Con Ida Nudel, l’eroina che ha diviso con lui la guida della protesta, Sharansky ha fatto capire ad un occidente, di fatto disinteressato a quanto avveniva nei paesi comunisti, e in Europa sovente complice, che ribellarsi alla tirannia non era solo doveroso ma anche possibile. Se sul piano politico il merito della caduta dell’URSS e del comunismo europeo va attribuita a Reagan e a Giovanni Paolo II, un peso enorme nella sconfitta della tirannide l’hanno avuto quelle persone che invece di chinare la testa l’hanno alzata e reclamato con forza i loro diritti.

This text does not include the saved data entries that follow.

(* Let $\mathcal{C}$ be a deflation-exact category and $\mathcal{A}$ an admissibly deflation-percolating subcategory. Let $X\rightarrowtail Y\twoheadrightarrow Z$ be a conflation and $f\colon Y\twoheadrightarrow B$ a deflation with $B\in\mathcal{A}$. Then there is a commutative diagram $$\begin{array}{ccccc} X''&\rightarrowtail&Y''&\twoheadrightarrow&Z''\\ \downarrow&&\downarrow&&\downarrow\\ X&\rightarrowtail&Y&\twoheadrightarrow&Z\\ \downarrow&&\downarrow{\scriptstyle f}&&\downarrow\\ A&\rightarrowtail&B&\twoheadrightarrow&C\end{array}$$ in which all rows and columns are conflations, the three upper vertical maps $X''\rightarrowtail X$, $Y''\rightarrowtail Y$, $Z''\rightarrowtail Z$ are $\mathcal{A}^{-1}$-inflations, and the bottom row lies in $\mathcal{A}$. Moreover, the upper left square is a pullback and the lower right square is a pushout.
   Context: A conflation category is an additive category with a class of kernel-cokernel pairs (closed under isomorphisms) called conflations; first map an inflation, second a deflation. A deflation-exact category is a conflation category satisfying: (R0) $1_0$ is a deflation; (R1) composites of deflations are deflations; (R2) pullbacks of deflations along arbitrary morphisms exist and are deflations. A non-empty full subcategory $\mathcal{A}$ is admissibly deflation-percolating if: (A1) for every conflation $A'\rightarrowtail A\twoheadrightarrow A''$, $A\in\mathcal{A}$ iff $A',A''\in\mathcal{A}$; (A2) every morphism $C\to A$ with $A\in\mathcal{A}$ factors as a deflation $C\twoheadrightarrow A'$ followed by an inflation $A'\rightarrowtail A$ with $A'\in\mathcal{A}$; (A3) if $a\colon C\rightarrowtail D$ is an inflation and $b\colon C\twoheadrightarrow A$ a deflation with $A\in\mathcal{A}$, the pushout of $a$ along $b$ exists and yields a deflation $D\twoheadrightarrow P$ and an inflation $A\rightarrowtail P$. An $\mathcal{A}^{-1}$-inflation is an inflation whose cokernel lies in $\mathcal{A}$. *)

theory Defs
  imports Main
begin

text \<open>A (large) category together with a preadditive structure on its hom-sets.
 Composition convention: Comp C g f is g after f (defined when Cod f = Dom g).\<close>

record ('o, 'm) cat =
  Ob    :: "'o set"
  Ar    :: "'m set"
  Dom   :: "'m \<Rightarrow> 'o"
  Cod   :: "'m \<Rightarrow> 'o"
  Comp  :: "'m \<Rightarrow> 'm \<Rightarrow> 'm"
  Ident :: "'o \<Rightarrow> 'm"
  Plus  :: "'m \<Rightarrow> 'm \<Rightarrow> 'm"
  Zer   :: "'o \<Rightarrow> 'o \<Rightarrow> 'm"

definition hom :: "('o,'m) cat \<Rightarrow> 'o \<Rightarrow> 'o \<Rightarrow> 'm set" where
  "hom C a b = {f \<in> Ar C. Dom C f = a \<and> Cod C f = b}"

definition category :: "('o,'m) cat \<Rightarrow> bool" where
  "category C \<longleftrightarrow>
     (\<forall>f\<in>Ar C. Dom C f \<in> Ob C \<and> Cod C f \<in> Ob C) \<and>
     (\<forall>a\<in>Ob C. Ident C a \<in> hom C a a) \<and>
     (\<forall>f\<in>Ar C. \<forall>g\<in>Ar C. Cod C f = Dom C g \<longrightarrow> Comp C g f \<in> hom C (Dom C f) (Cod C g)) \<and>
     (\<forall>f\<in>Ar C. Comp C f (Ident C (Dom C f)) = f \<and> Comp C (Ident C (Cod C f)) f = f) \<and>
     (\<forall>f\<in>Ar C. \<forall>g\<in>Ar C. \<forall>h\<in>Ar C. Cod C f = Dom C g \<longrightarrow> Cod C g = Dom C h \<longrightarrow>
        Comp C h (Comp C g f) = Comp C (Comp C h g) f)"

definition preadditive :: "('o,'m) cat \<Rightarrow> bool" where
  "preadditive C \<longleftrightarrow> category C \<and>
     (\<forall>a\<in>Ob C. \<forall>b\<in>Ob C.
        Zer C a b \<in> hom C a b \<and>
        (\<forall>f\<in>hom C a b. \<forall>g\<in>hom C a b. Plus C f g \<in> hom C a b) \<and>
        (\<forall>f\<in>hom C a b. \<forall>g\<in>hom C a b. \<forall>h\<in>hom C a b.
            Plus C (Plus C f g) h = Plus C f (Plus C g h)) \<and>
        (\<forall>f\<in>hom C a b. \<forall>g\<in>hom C a b. Plus C f g = Plus C g f) \<and>
        (\<forall>f\<in>hom C a b. Plus C f (Zer C a b) = f) \<and>
        (\<forall>f\<in>hom C a b. \<exists>g\<in>hom C a b. Plus C f g = Zer C a b)) \<and>
     (\<forall>a\<in>Ob C. \<forall>b\<in>Ob C. \<forall>c\<in>Ob C.
        (\<forall>f\<in>hom C a b. \<forall>g\<in>hom C b c. \<forall>g'\<in>hom C b c.
            Comp C (Plus C g g') f = Plus C (Comp C g f) (Comp C g' f)) \<and>
        (\<forall>f\<in>hom C a b. \<forall>f'\<in>hom C a b. \<forall>g\<in>hom C b c.
            Comp C g (Plus C f f') = Plus C (Comp C g f) (Comp C g f')))"

definition is_zero_obj :: "('o,'m) cat \<Rightarrow> 'o \<Rightarrow> bool" where
  "is_zero_obj C z \<longleftrightarrow> z \<in> Ob C \<and>
     (\<forall>a\<in>Ob C. (\<exists>!f. f \<in> hom C z a) \<and> (\<exists>!f. f \<in> hom C a z))"

definition has_biproducts :: "('o,'m) cat \<Rightarrow> bool" where
  "has_biproducts C \<longleftrightarrow> (\<forall>a\<in>Ob C. \<forall>b\<in>Ob C. \<exists>s\<in>Ob C. \<exists>i1 i2 p1 p2.
     i1 \<in> hom C a s \<and> i2 \<in> hom C b s \<and> p1 \<in> hom C s a \<and> p2 \<in> hom C s b \<and>
     Comp C p1 i1 = Ident C a \<and> Comp C p2 i2 = Ident C b \<and>
     Comp C p1 i2 = Zer C b a \<and> Comp C p2 i1 = Zer C a b \<and>
     Plus C (Comp C i1 p1) (Comp C i2 p2) = Ident C s)"

definition additive :: "('o,'m) cat \<Rightarrow> bool" where
  "additive C \<longleftrightarrow> preadditive C \<and> (\<exists>z. is_zero_obj C z) \<and> has_biproducts C"

definition iso :: "('o,'m) cat \<Rightarrow> 'm \<Rightarrow> bool" where
  "iso C f \<longleftrightarrow> f \<in> Ar C \<and> (\<exists>g\<in>hom C (Cod C f) (Dom C f).
      Comp C g f = Ident C (Dom C f) \<and> Comp C f g = Ident C (Cod C f))"

definition is_kernel :: "('o,'m) cat \<Rightarrow> 'm \<Rightarrow> 'm \<Rightarrow> bool" where
  "is_kernel C k f \<longleftrightarrow> k \<in> Ar C \<and> f \<in> Ar C \<and> Cod C k = Dom C f \<and>
     Comp C f k = Zer C (Dom C k) (Cod C f) \<and>
     (\<forall>t\<in>Ob C. \<forall>g\<in>hom C t (Dom C f). Comp C f g = Zer C t (Cod C f) \<longrightarrow>
        (\<exists>!h. h \<in> hom C t (Dom C k) \<and> Comp C k h = g))"

definition is_cokernel :: "('o,'m) cat \<Rightarrow> 'm \<Rightarrow> 'm \<Rightarrow> bool" where
  "is_cokernel C c f \<longleftrightarrow> c \<in> Ar C \<and> f \<in> Ar C \<and> Dom C c = Cod C f \<and>
     Comp C c f = Zer C (Dom C f) (Cod C c) \<and>
     (\<forall>t\<in>Ob C. \<forall>g\<in>hom C (Cod C f) t. Comp C g f = Zer C (Dom C f) t \<longrightarrow>
        (\<exists>!h. h \<in> hom C (Cod C c) t \<and> Comp C h c = g))"

definition kc_pair :: "('o,'m) cat \<Rightarrow> 'm \<Rightarrow> 'm \<Rightarrow> bool" where
  "kc_pair C i p \<longleftrightarrow> is_kernel C i p \<and> is_cokernel C p i"

text \<open>The commutative square  a: P \<rightarrow> B, b: P \<rightarrow> D, g: B \<rightarrow> T, f: D \<rightarrow> T
  (g \<circ> a = f \<circ> b) is a pullback of g along f.\<close>
definition is_pullback :: "('o,'m) cat \<Rightarrow> 'm \<Rightarrow> 'm \<Rightarrow> 'm \<Rightarrow> 'm \<Rightarrow> bool" where
  "is_pullback C g f a b \<longleftrightarrow>
     g \<in> Ar C \<and> f \<in> Ar C \<and> a \<in> Ar C \<and> b \<in> Ar C \<and>
     Cod C g = Cod C f \<and> Dom C a = Dom C b \<and> Cod C a = Dom C g \<and> Cod C b = Dom C f \<and>
     Comp C g a = Comp C f b \<and>
     (\<forall>t\<in>Ob C. \<forall>x\<in>hom C t (Dom C g). \<forall>y\<in>hom C t (Dom C f). Comp C g x = Comp C f y \<longrightarrow>
        (\<exists>!h. h \<in> hom C t (Dom C a) \<and> Comp C a h = x \<and> Comp C b h = y))"

text \<open>The commutative square  g: S \<rightarrow> B, f: S \<rightarrow> D, a: B \<rightarrow> P, b: D \<rightarrow> P
  (a \<circ> g = b \<circ> f) is a pushout of g along f.\<close>
definition is_pushout :: "('o,'m) cat \<Rightarrow> 'm \<Rightarrow> 'm \<Rightarrow> 'm \<Rightarrow> 'm \<Rightarrow> bool" where
  "is_pushout C g f a b \<longleftrightarrow>
     g \<in> Ar C \<and> f \<in> Ar C \<and> a \<in> Ar C \<and> b \<in> Ar C \<and>
     Dom C g = Dom C f \<and> Cod C a = Cod C b \<and> Dom C a = Cod C g \<and> Dom C b = Cod C f \<and>
     Comp C a g = Comp C b f \<and>
     (\<forall>t\<in>Ob C. \<forall>x\<in>hom C (Cod C g) t. \<forall>y\<in>hom C (Cod C f) t. Comp C x g = Comp C y f \<longrightarrow>
        (\<exists>!h. h \<in> hom C (Cod C a) t \<and> Comp C h a = x \<and> Comp C h b = y))"

text \<open>E is the class of conflations, given as pairs (inflation, deflation).\<close>

definition conflation_category :: "('o,'m) cat \<Rightarrow> ('m \<times> 'm) set \<Rightarrow> bool" where
  "conflation_category C E \<longleftrightarrow> additive C \<and>
     (\<forall>(i,p)\<in>E. kc_pair C i p) \<and>
     (\<forall>i p i' p' a b c. (i,p) \<in> E \<and> i' \<in> Ar C \<and> p' \<in> Ar C \<and> Cod C i' = Dom C p' \<and>
        iso C a \<and> iso C b \<and> iso C c \<and>
        Dom C a = Dom C i \<and> Cod C a = Dom C i' \<and>
        Dom C b = Cod C i \<and> Cod C b = Cod C i' \<and>
        Dom C c = Cod C p \<and> Cod C c = Cod C p' \<and>
        Comp C b i = Comp C i' a \<and> Comp C c p = Comp C p' b \<longrightarrow> (i',p') \<in> E)"

definition inflation :: "('m \<times> 'm) set \<Rightarrow> 'm \<Rightarrow> bool" where
  "inflation E i \<longleftrightarrow> (\<exists>p. (i,p) \<in> E)"

definition deflation :: "('m \<times> 'm) set \<Rightarrow> 'm \<Rightarrow> bool" where
  "deflation E p \<longleftrightarrow> (\<exists>i. (i,p) \<in> E)"

definition deflation_exact :: "('o,'m) cat \<Rightarrow> ('m \<times> 'm) set \<Rightarrow> bool" where
  "deflation_exact C E \<longleftrightarrow> conflation_category C E \<and>
     \<comment> \<open>R0\<close>
     (\<forall>z. is_zero_obj C z \<longrightarrow> deflation E (Ident C z)) \<and>
     \<comment> \<open>R1\<close>
     (\<forall>p q. deflation E p \<and> deflation E q \<and> Cod C p = Dom C q \<longrightarrow> deflation E (Comp C q p)) \<and>
     \<comment> \<open>R2\<close>
     (\<forall>p f. deflation E p \<and> f \<in> Ar C \<and> Cod C f = Cod C p \<longrightarrow>
        (\<exists>a b. is_pullback C p f a b \<and> deflation E b))"

definition adm_defl_percolating :: "('o,'m) cat \<Rightarrow> ('m \<times> 'm) set \<Rightarrow> 'o set \<Rightarrow> bool" where
  "adm_defl_percolating C E \<A> \<longleftrightarrow> \<A> \<noteq> {} \<and> \<A> \<subseteq> Ob C \<and>
     \<comment> \<open>A1\<close>
     (\<forall>(i,p)\<in>E. Cod C i \<in> \<A> \<longleftrightarrow> (Dom C i \<in> \<A> \<and> Cod C p \<in> \<A>)) \<and>
     \<comment> \<open>A2\<close>
     (\<forall>f\<in>Ar C. Cod C f \<in> \<A> \<longrightarrow>
        (\<exists>d m. deflation E d \<and> inflation E m \<and> Dom C d = Dom C f \<and> Cod C d = Dom C m \<and>
               Cod C m = Cod C f \<and> Dom C m \<in> \<A> \<and> f = Comp C m d)) \<and>
     \<comment> \<open>A3\<close>
     (\<forall>a b. inflation E a \<and> deflation E b \<and> Dom C a = Dom C b \<and> Cod C b \<in> \<A> \<longrightarrow>
        (\<exists>a' b'. is_pushout C a b a' b' \<and> deflation E a' \<and> inflation E b'))"

text \<open>In the pushout square of A3 (with the naming of is_pushout): a' : D \<rightarrow> P is the
  pushout of b (a deflation), b' : A \<rightarrow> P the pushout of a (an inflation).\<close>

definition A_inv_inflation :: "('o,'m) cat \<Rightarrow> ('m \<times> 'm) set \<Rightarrow> 'o set \<Rightarrow> 'm \<Rightarrow> bool" where
  "A_inv_inflation C E \<A> i \<longleftrightarrow> (\<exists>p. (i,p) \<in> E \<and> Cod C p \<in> \<A>)"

Sharansky fu scambiato con il comunista cileno Corvalan e potè raggiungere la terra dei suoi padri, finalmente libero. In Israele mantenne il suo impegno personale, anche di fronte a quella enorme immigrazione di più di un milione di ebrei russi che di lì a poco sarebbe riuscita a raggiungere lo Stato ebraico. Per difendere i loro interessi fondò un partito, fu eletto deputato alla Knesset, e divenne un politico israeliano a pieno titolo. Ma non dimenticò le sue origini, non dimenticò che la libertà va conquistata abbattendo la dittatura, non dialogandoci, non venendo a compromessi. Elaborò una sua teoria che, con il passare degli anni, lo portò sempre più vicino alla politica interventista di George W.Bush. Vivendo in Israele, Sharansky si era reso conto che con il terrorismo non si viene a patti, che i dittatori vanno sconfitti e non vagamente sgridati o blanditi come si è sempre usato in Europa e in Usa sotto la presidenza Clinton. Che avesse ragione lo dimostra la guerra di liberazione dell’Iraq. Buttato giù Saddam Hussein, l’effetto onda lunga sta dando i suoi frutti in tutta la regione. La Siria si è ritirata dal Libano e lo stesso Assad traballa sul suo scranno, sente che i nodi stanno venendo al pettine. L’Iran, in mano oggi ad un governo che non è eccessivo definire guerrafondaio, sa che non si trova davanti a un’America tiepida ma ad un governo deciso a non fare più sconti come avveniva in passato. L’Iraq poi, pur colpito da un feroce terrorismo, dimostra ogni giorno la sua volontà di arrivare ad un regime che cominci ad assomigliare ad una democrazia. Gli stessi venti che, più o meno fortemente, cominciano a soffiare negli altri stati della regione.



Chi non apprezza il falco Sharansky lo accusa di ritenere le soluzioni troppo semplici. Se tutto fosse così facile, come lui descrive la conquista della democrazia, la diplomazia sarebbe una scienza esatta e non un’arte. Niente di più falso. Sharansky non sottovalutà le difficoltà che le democrazie hanno nel combattere le dittature. Sharansky, come lo definisce Fiamma Nirenstein nella prefazione, è "un profeta, non gli interessa l’arte del possibile ma l’arte della giustizia. E i profeti non vengono mai a portare pace o, almeno, non nell’immediato".



"In difesa della democrazia" è la storia di un ebreo russo diventato israeliano, una vita segnata da una profonda lotta per la libertà, che racconta le vicissitudini di un uomo onesto che per le proprie idee si è persino dimesso dal governo Sharon perché non era d’accordo sull’abbandono di Gaza ai palestinesi. Percorre il libro anche una storia d’amore, quella con Avital, sua moglie, che gli è sempre stata accanto, nella Russia sovietica dell’oppressione e nella terrà della libertà, Israele.